Since the terminal UE and the base station n are connected by wireless communication, the communication quality provided by the terminal UE, the communication quality of the communication provided by the terminal UE, Speed and so on. That is, depending on the geographical characteristics such as the river or mountain included in each cell c, the degree of compactness of the high-rise building, the number of the UEs located inside, and the like, The size of noise or interference included in the communication signal between the base station n and the base station signal power (RSRP) can be changed. Therefore, the base station n may set different MCS (Modulation and Coding Scheme) schedules for the UEs according to the characteristics of the respective cells c, so that each of the UEs included in the cell c UEs to provide optimal throughput.

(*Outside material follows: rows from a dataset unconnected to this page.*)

definition clique_prod :: "'a set \<Rightarrow> ('a \<Rightarrow> 'a \<Rightarrow> bool) \<Rightarrow> 'a set \<Rightarrow> 'a list set" where
  "clique_prod S comm C = wcls S comm (SOME xs. distinct xs \<and> set xs = C)"

text \<open>Vectors of L^2(M_q) are functions W \<Rightarrow> complex (coefficients w.r.t. the orthonormal
  basis T_w \<Omega>); operators below are given by their (finite-row) matrix formulas.\<close>

text \<open>Left multiplication by a generator T_s:
  T_s (T_v \<Omega>) = T_{sv} \<Omega> + [|sv| < |v|] p T_v \<Omega>.\<close>
definition hecke_gen ::
  "'a set \<Rightarrow> ('a \<Rightarrow> 'a \<Rightarrow> bool) \<Rightarrow> real \<Rightarrow> 'a \<Rightarrow> ('a list set \<Rightarrow> complex) \<Rightarrow> ('a list set \<Rightarrow> complex)"
  where
  "hecke_gen S comm p s \<xi> u =
     \<xi> (wmul S comm (wgen S comm s) u)
     + (if wlen (wmul S comm (wgen S comm s) u) < wlen u then complex_of_real p * \<xi> u else 0)"

definition hecke_op ::
  "'a set \<Rightarrow> ('a \<Rightarrow> 'a \<Rightarrow> bool) \<Rightarrow> real \<Rightarrow> 'a list set \<Rightarrow> ('a list set \<Rightarrow> complex) \<Rightarrow> ('a list set \<Rightarrow> complex)"
  where
  "hecke_op S comm p w =
     foldr (\<lambda>s f. hecke_gen S comm p s \<circ> f) (SOME xs. xs \<in> w \<and> length xs = wlen w) id"

text \<open>The unitary T^{(1)}_v : T_w \<Omega> \<mapsto> T_{vw} \<Omega>.\<close>
definition shift_op ::
  "'a set \<Rightarrow> ('a \<Rightarrow> 'a \<Rightarrow> bool) \<Rightarrow> 'a list set \<Rightarrow> ('a list set \<Rightarrow> complex) \<Rightarrow> ('a list set \<Rightarrow> complex)"
  where
  "shift_op S comm v \<xi> x = \<xi> (wmul S comm (winv v) x)"

definition proj_op ::
  "'a set \<Rightarrow> ('a \<Rightarrow> 'a \<Rightarrow> bool) \<Rightarrow> 'a list set \<Rightarrow> ('a list set \<Rightarrow> complex) \<Rightarrow> ('a list set \<Rightarrow> complex)"
  where
  "proj_op S comm u \<xi> x =
     (if int (wlen (wmul S comm (winv u) x)) = int (wlen x) - int (wlen u) then \<xi> x else 0)"

definition A_set ::
  "'a set \<Rightarrow> ('a \<Rightarrow> 'a \<Rightarrow> bool) \<Rightarrow> 'a list set \<Rightarrow> ('a list set \<times> 'a set \<times> 'a list set) set"
  where
  "A_set S comm w = {(w', C, w''). w' \<in> cox_group S comm \<and> w'' \<in> cox_group S comm \<and>
      is_clique S comm C \<and>
      w = wmul S comm (wmul S comm w' (clique_prod S comm C)) w'' \<and>
      wlen w = wlen w' + wlen (clique_prod S comm C) + wlen w'' \<and>
      (\<forall>s\<in>S. (\<forall>t\<in>C. wmul S comm (wgen S comm s) (wgen S comm t)
                     = wmul S comm (wgen S comm t) (wgen S comm s))
              \<longrightarrow> wlen w' < wlen (wmul S comm w' (wgen S comm s)))}"

end

theory Submission
  imports Defs
begin

text \<open>Words over \<open>S\<close> are handled through a normal form: a word is reduced when no letter can be
  moved to the front past letters commuting with it so as to cancel against an equal letter, and
  left multiplication by a generator either performs such a cancellation or prepends the
  generator. The projections of a word onto the pairs of non-commuting generators are invariant
  under the defining relations and determine the reduced form, so reduced words have minimal
  length and cancellation detects left descents.

  The formula is proved by induction along a reduced word \<open>s w\<close>. Each triple
  \<open>(w', \<Gamma>\<^sub>0, w'')\<close> of \<open>A\<^sub>w\<close> lifts to \<open>A\<^sub>s\<^sub>w\<close>: to \<open>(w', \<Gamma>\<^sub>0, s w'')\<close> and
  \<open>(w', \<Gamma>\<^sub>0 \<union> {s}, w'')\<close> when \<open>s\<close> commutes with \<open>w'\<close> and with \<open>\<Gamma>\<^sub>0\<close>, and to
  \<open>(s w', \<Gamma>\<^sub>0, w'')\<close> otherwise; these lifts partition \<open>A\<^sub>s\<^sub>w\<close>. Since
  \<open>T\<^sub>s T\<^sub>v \<Omega> = T\<^sub>s\<^sub>v \<Omega> + [|sv| < |v|] p T\<^sub>v \<Omega>\<close>, the first and the last kind of lift produce the
  shift term of \<open>T\<^sub>s\<close>, the clique lift produces the \<open>p\<close>-term at descents, and in the last case the
  \<open>p\<close>-term vanishes.\<close>

type_synonym 'a A_triple = "'a list set \<times> 'a set \<times> 'a list set"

Specifically, the base station n can receive the channel quality indicator (CQI) from the terminal UE and collect wireless environment information such as noise and interference through a separate measuring device or the like have. In this case, the base station n may apply the delta CQI to the channel quality information (CQI) transmitted by the terminal UE to correct the channel quality information (CQI), and transmit the corrected channel quality information to the base station CQI Can be set. That is, the base station n may correct channel quality information according to the wireless communication environment, and then reset the MCS schedule of the base station n based on the base station CQI, which is the corrected channel quality information. The MCS schedule relates to a modulation scheme, a frequency channel, and a transmission rate allocated to each of the UEs, and the MCS schedule can be determined according to the base station CQI. Can be calculated.

Conventionally, parameter values such as delta CQI are set by directly performing performance tests and parameter changes in an experimental environment (Test Bed) or an actual cell having the same environmental conditions as those of each cell. However, it is difficult to keep the control variables of the signal-to-interference plus noise ratio (SINR) and the base station signal power (RSRP) constant in the experimental environment or the actual cell, There is a problem that it is difficult to carry out an experiment such as a test. In addition, after each delta CQI change, a performance test for confirming the result must be performed. Therefore, it takes a lot of time and effort to set the parameter.

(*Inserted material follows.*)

(* (Cutfree completeness.) For all finite multisets of formulas $\Gamma,\Delta$: if $\Gamma\models\bigvee\Delta$, then $\vdash_{\mathsf{GT}^-}\Gamma\Rightarrow\Delta$.
   Context: Fix a countably infinite set $\mathsf{Prop}$ of propositional variables. Classical formulas are generated by $\alpha ::= p \mid \bot \mid \neg\alpha \mid \alpha\wedge\alpha \mid \alpha\vee\alpha$ with $p\in\mathsf{Prop}$. Formulas are generated by $\phi ::= \alpha \mid \phi\wedge\phi \mid \phi\vee\phi \mid \phi\mathbin{\backslash\!\!/}\phi$ where $\alpha$ is classical ($\vee$: split disjunction, $\mathbin{\backslash\!\!/}$: inquisitive disjunction). A team with domain $X\subseteq\mathsf{Prop}$ is a set $t\subseteq 2^X$ of valuations. For a team $t$ whose domain contains the variables of the formula: $t\models p$ iff $v(p)=1$ for all $v\in t$; $t\models\bot$ iff $t=\emptyset$; $t\models\neg\alpha$ iff $\{v\}\not\models\alpha$ for all $v\in t$; $t\models\phi\wedge\psi$ iff both hold; $t\models\phi\vee\psi$ iff there are $s,u\subseteq t$ with $t=s\cup u$, $s\models\phi$, $u\models\psi$; $t\models\phi\mathbin{\backslash\!\!/}\psi$ iff $t\models\phi$ or $t\models\psi$. $\Gamma\models\phi$ means every team satisfying all members of the multiset $\Gamma$ satisfies $\phi$. $\bigvee\emptyset:=\bot$. A sequent is $\Gamma\Rightarrow\Delta$ with $\Gamma,\Delta$ finite multisets; "$\Gamma,\Delta$" is multiset union. Deep-inference notation: for a formula $\chi$ with a designated occurrence of a subformula not in the scope of any negation, $\chi\{\eta\}$ denotes the result of replacing that occurrence by $\eta$. The cut-free calculus $\mathsf{GT}^-$ ($\alpha$ ranges over classical formulas, $\Lambda$ over multisets of classical formulas): axioms $\Gamma,p\Rightarrow p,\Delta$ and $\Gamma,\bot\Rightarrow\Delta$; (L$\neg$) from $\Gamma\Rightarrow\alpha,\Delta$ infer $\Gamma,\neg\alpha\Rightarrow\Delta$; (R$\neg$) from $\Gamma,\alpha\Rightarrow\Delta$ infer $\Gamma\Rightarrow\neg\alpha,\Delta$; (L$\wedge$) from $\Gamma,\phi,\psi\Rightarrow\Delta$ infer $\Gamma,\phi\wedge\psi\Rightarrow\Delta$; (R$\wedge$) from $\Gamma\Rightarrow\phi,\Lambda$ and $\Gamma\Rightarrow\psi,\Lambda$ infer $\Gamma\Rightarrow\phi\wedge\psi,\Lambda,\Delta$; (L$\vee$) from $\Gamma,\phi\Rightarrow\Lambda$ and $\Gamma,\psi\Rightarrow\Lambda$ infer $\Gamma,\phi\vee\psi\Rightarrow\Lambda,\Delta$; (R$\vee$) from $\Gamma\Rightarrow\phi,\psi,\Delta$ infer $\Gamma\Rightarrow\phi\vee\psi,\Delta$; (L$\mathbin{\backslash\!\!/}$) from $\Gamma,\chi\{\phi_L\}\Rightarrow\Delta$ and $\Gamma,\chi\{\phi_R\}\Rightarrow\Delta$ infer $\Gamma,\chi\{\phi_L\mathbin{\backslash\!\!/}\phi_R\}\Rightarrow\Delta$; (R$\mathbin{\backslash\!\!/}$) from $\Gamma\Rightarrow\chi\{\phi_i\},\Delta$ ($i\in\{L,R\}$) infer $\Gamma\Rightarrow\chi\{\phi_L\mathbin{\backslash\!\!/}\phi_R\},\Delta$. $\vdash_{\mathsf{GT}^-}$ denotes derivability in $\mathsf{GT}^-$. *)

theory Defs
  imports Main "HOL-Library.Multiset"
begin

2 is a block diagram showing a parameter setting apparatus 100 according to an embodiment of the present invention. 2, the parameter setting apparatus 100 according to an embodiment of the present invention may include a database unit 10 and a simulator unit 20, and the parameter setting apparatus 100 may include a base station n As shown in FIG.

Hereinafter, a parameter setting apparatus 100 according to an embodiment of the present invention will be described with reference to FIG.

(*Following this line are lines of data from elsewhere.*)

(* Let $c_1,c_2>0$, $x_T>0$, $\tau>0$, $\theta,\eta_1,\eta_2\in\mathbb{R}$, and set $\lambda=c_1+c_2$ and $f(y)=c_2(x_T-y)-c_1y$. Assume $1+\eta_1\lambda(1-\theta)\tau\neq0$ and $1+\eta_2\lambda\theta\tau\neq0$, and define $$Q_1=\frac{1-(1-\eta_1)\lambda(1-\theta)\tau}{1+\eta_1\lambda(1-\theta)\tau},\qquad Q_2=\frac{1-(1-\eta_2)\lambda\theta\tau}{1+\eta_2\lambda\theta\tau},$$ with $Q_2\neq 0$. Consider the split-step tau-leaping iteration $$\hat Y_n=Y_n+(1-\theta)\tau\big((1-\eta_1)f(Y_n)+\eta_1 f(\hat Y_n)\big),$$ $$\tilde Y_n=\hat Y_n+P^{(2)}_n-P^{(1)}_n-\tau f(\hat Y_n),$$ $$Y_{n+1}=\tilde Y_n+\theta\tau\big((1-\eta_2)f(\tilde Y_n)+\eta_2 f(Y_{n+1})\big),$$ where, conditionally on $Y_0,\dots,Y_n$, $P^{(1)}_n$ and $P^{(2)}_n$ are independent Poisson random variables with means $c_1\hat Y_n\tau$ and $c_2(x_T-\hat Y_n)\tau$ respectively. Assume $Y_0$ has finite second moment and the iteration is well defined (the Poisson means are almost surely nonnegative). If $|Q_1Q_2|<1$, then $$\lim_{n\to\infty}\mathbb{E}[Y_n]=\frac{c_2}{\lambda}x_T,\qquad \lim_{n\to\infty}\mathrm{Var}[Y_n]=\frac{2\lambda\tau}{Q_2^{-2}-Q_1^{2}}\cdot\frac{c_1c_2}{\lambda^2}x_T .$$
   Context: This models the reversible isomerization $S_1\rightleftharpoons S_2$ with forward rate $c_1$ (propensity $c_1X_1$) and backward rate $c_2$ (propensity $c_2X_2$), total molecule number $X_1+X_2=x_T$ conserved; $Y_n$ approximates $X_1(t_n)$ with $t_{n+1}-t_n=\tau$. The quantities $\frac{c_2}{\lambda}x_T$ and $\frac{c_1c_2}{\lambda^2}x_T$ are the mean and variance of the exact stationary (binomial) distribution of $X_1$. The product $Q_1Q_2$ is called the propagation coefficient of the scheme. *)

theory Defs
  imports "HOL-Probability.Probability"
begin

text \<open>Poisson point probabilities with mean mu (mu >= 0); same formula as the
library's poisson_pmf, which however requires a strictly positive rate.
For mu = 0 this is the point mass at 0.\<close>
definition poisson_prob :: "real \<Rightarrow> nat \<Rightarrow> real" where
  "poisson_prob mu k = mu ^ k / fact k * exp (- mu)"

end

theory Submission
  imports Defs
begin

text \<open>Both implicit half-steps are affine maps fixing the equilibrium
  \<open>m = c2 / lam * xT\<close>: \<open>Yhat = m + Q1 (Y - m)\<close> and \<open>Y' = m + Q2 (Ytil - m)\<close>.
  Given the past, the Poisson increment minus its conditional mean is a noise term that has
  mean zero, is uncorrelated with every function of \<open>Yhat\<close>, and has conditional variance equal
  to the total propensity \<open>\<tau> (c1 Yhat + c2 (xT - Yhat))\<close>. Hence the mean of \<open>Yhat\<close> minus \<open>m\<close>
  is multiplied by \<open>Q1 Q2\<close> in each step, and its variance obeys
  \<open>V' = (Q1 Q2)\<^sup>2 (V + propensity)\<close>; for \<open>|Q1 Q2| < 1\<close> both recursions converge.\<close>

lemma exp_series_sums: "(\<lambda>k. x ^ k / fact k) sums exp (x::real)"
  using exp_converges[of x] by (simp add: divide_inverse mult.commute scaleR_conv_of_real)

The database unit 10 may store radio environment information of the cell and channel quality information (CQI) of the UE. The database unit 10 is capable of receiving radio environment information and channel quality information from a separate apparatus for collecting radio environment information of a cell or from a terminal apparatus UE, Quality information and the like can be stored. Here, the radio environment information may include signal-to-noise and interference ratio (SINR), interference, base station signal power (RSRP), and retransmission (Request Repeat), and the channel quality information (CQI) May measure the radio channel quality at the location where it is located and transmit it to the base station n.

Specifically, when the base station n provides a communication service to each terminal UE, the database unit 10 stores the radio environment information of the cell, channel quality information (CQI) transmitted from the terminal UE ), Delta CQI set by the base station, throughput of the base station, and the like can be collected and stored. Here, the database unit 10 may collect radio environment information, channel quality information (CQI), and the like during a predetermined reference period, and generate and store statistics on radio environment information and channel quality information during the reference period have. At this time, the database unit 10 can generate statistics on the radio environment information and the channel quality information for each cell on a day-by-day and a time-of-day basis. For example, SINR and RSRP included in the radio environment information After dividing, each 3-hour average can be saved as a statistical value. Alternatively, each radio environment information, channel quality information, and the like can be classified by each day of week, and an average of the day of week can be stored as a statistical value.

In addition, the database unit 10 may receive the channel quality information (CQI) and the block error rate (BLER) from the terminal UE, and may compare the channel quality information and the block error rate Can be collected and stored. Here, the channel quality information may be a value reflecting RSRP and SINR, and the block error rate may be a value reflecting retransmission and interference. In addition, the database unit 10 may store statistical values for the channel quality information and the block error rate instead of the channel quality information and the block error rate, and the statistical values may be values calculated for each cell, have.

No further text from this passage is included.